Work task:
The stretch from the line with "Context: Fix $|E|<2$;" through the line with "theory Defs" in the records below: write it out exactly, and nothing else.

[Collected data]
--------

(* Let $n\ge2$, $\boldsymbol\sigma\in\{+,-\}^n$, $0\le s<t<1$, and let $\mathcal A:\mathbb Z_L^n\to\mathbb C$. Then $$\|\mathcal U_{s,t,\boldsymbol\sigma}\circ\mathcal A\|_{\max}\prec\|\mathcal A\|_{\max}\cdot(\eta_s/\eta_t)^n.$$
   Context: Fix $|E|<2$; $m=\lim_{\varepsilon\downarrow0}m_{sc}(E+i\varepsilon)$ ($m_{sc}$ the semicircle Stieltjes transform), $m(+)=m$, $m(-)=\bar m$, $\eta_t=(1-t)\operatorname{Im}m$. $S^{(B)}$ is the $L\times L$ matrix $S^{(B)}_{ab}=\frac13\mathbf 1(a-b\in\{-1,0,1\}\bmod L)$. For $m_i=m(\sigma_i)$ with the convention $\sigma_{n+1}=\sigma_1$, $(\mathcal U_{s,t,\boldsymbol\sigma}\circ\mathcal A)_{\mathbf a}=\sum_{\mathbf b\in\mathbb Z_L^n}\prod_{i=1}^n\Big(\frac{1-s\,m_im_{i+1}S^{(B)}}{1-t\,m_im_{i+1}S^{(B)}}\Big)_{a_ib_i}\mathcal A_{\mathbf b}$. $\|\mathcal A\|_{\max}=\max_{\mathbf a}|\mathcal A_{\mathbf a}|$. For deterministic quantities, $\xi\prec\zeta$ means $\xi\le N^\epsilon\zeta$ for all $\epsilon>0$ and large $N$, where $L$, $W$ depend on $N$. *)

theory Defs
  imports "HOL-Analysis.Analysis" "Jordan_Normal_Form.Gauss_Jordan_Elimination"
begin

definition msc :: "complex \<Rightarrow> complex" where
  "msc z = integral {-2..2::real}
     (\<lambda>x. complex_of_real (sqrt (4 - x\<^sup>2) / (2 * pi)) / (complex_of_real x - z))"

definition mE :: "real \<Rightarrow> complex" where
  "mE E = Lim (at_right (0::real)) (\<lambda>\<epsilon>. msc (complex_of_real E + \<i> * complex_of_real \<epsilon>))"

text \<open>m(+) = m, m(-) = conj m; sign True means +.\<close>
definition msig :: "real \<Rightarrow> bool \<Rightarrow> complex" where
  "msig E sg = (if sg then mE E else cnj (mE E))"

definition eta :: "real \<Rightarrow> real \<Rightarrow> real" where
  "eta E t = (1 - t) * Im (mE E)"

definition SB :: "nat \<Rightarrow> complex mat" where
  "SB L = mat L L (\<lambda>(a, b). if (a + 1) mod L = b mod L \<or> a mod L = b mod L
                                 \<or> a mod L = (b + 1) mod L then 1/3 else 0)"

definition ratio_mat :: "nat \<Rightarrow> real \<Rightarrow> real \<Rightarrow> complex \<Rightarrow> complex mat" where
  "ratio_mat L s t z = (1\<^sub>m L - (complex_of_real s * z) \<cdot>\<^sub>m SB L) *
       the (mat_inverse (1\<^sub>m L - (complex_of_real t * z) \<cdot>\<^sub>m SB L))"

text \<open>Index tuples a in Z_L^n, represented as extensional functions on {0..<n}.\<close>
definition Idx :: "nat \<Rightarrow> nat \<Rightarrow> (nat \<Rightarrow> nat) set" where
  "Idx L n = PiE {0..<n} (\<lambda>_. {0..<L})"

text \<open>The operator U_{s,t,sigma}; sigma_n = sigma_0 cyclically (0-based indexing).\<close>
definition Uop :: "real \<Rightarrow> nat \<Rightarrow> nat \<Rightarrow> real \<Rightarrow> real \<Rightarrow> (nat \<Rightarrow> bool)
                    \<Rightarrow> ((nat \<Rightarrow> nat) \<Rightarrow> complex) \<Rightarrow> (nat \<Rightarrow> nat) \<Rightarrow> complex" where
  "Uop E L n s t \<sigma> A a = (\<Sum>b\<in>Idx L n.
      (\<Prod>i<n. ratio_mat L s t (msig E (\<sigma> i) * msig E (\<sigma> ((i + 1) mod n))) $$ (a i, b i)) * A b)"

--------

Output for this task:
   Context: Fix $|E|<2$; $m=\lim_{\varepsilon\downarrow0}m_{sc}(E+i\varepsilon)$ ($m_{sc}$ the semicircle Stieltjes transform), $m(+)=m$, $m(-)=\bar m$, $\eta_t=(1-t)\operatorname{Im}m$. $S^{(B)}$ is the $L\times L$ matrix $S^{(B)}_{ab}=\frac13\mathbf 1(a-b\in\{-1,0,1\}\bmod L)$. For $m_i=m(\sigma_i)$ with the convention $\sigma_{n+1}=\sigma_1$, $(\mathcal U_{s,t,\boldsymbol\sigma}\circ\mathcal A)_{\mathbf a}=\sum_{\mathbf b\in\mathbb Z_L^n}\prod_{i=1}^n\Big(\frac{1-s\,m_im_{i+1}S^{(B)}}{1-t\,m_im_{i+1}S^{(B)}}\Big)_{a_ib_i}\mathcal A_{\mathbf b}$. $\|\mathcal A\|_{\max}=\max_{\mathbf a}|\mathcal A_{\mathbf a}|$. For deterministic quantities, $\xi\prec\zeta$ means $\xi\le N^\epsilon\zeta$ for all $\epsilon>0$ and large $N$, where $L$, $W$ depend on $N$. *)

theory Defs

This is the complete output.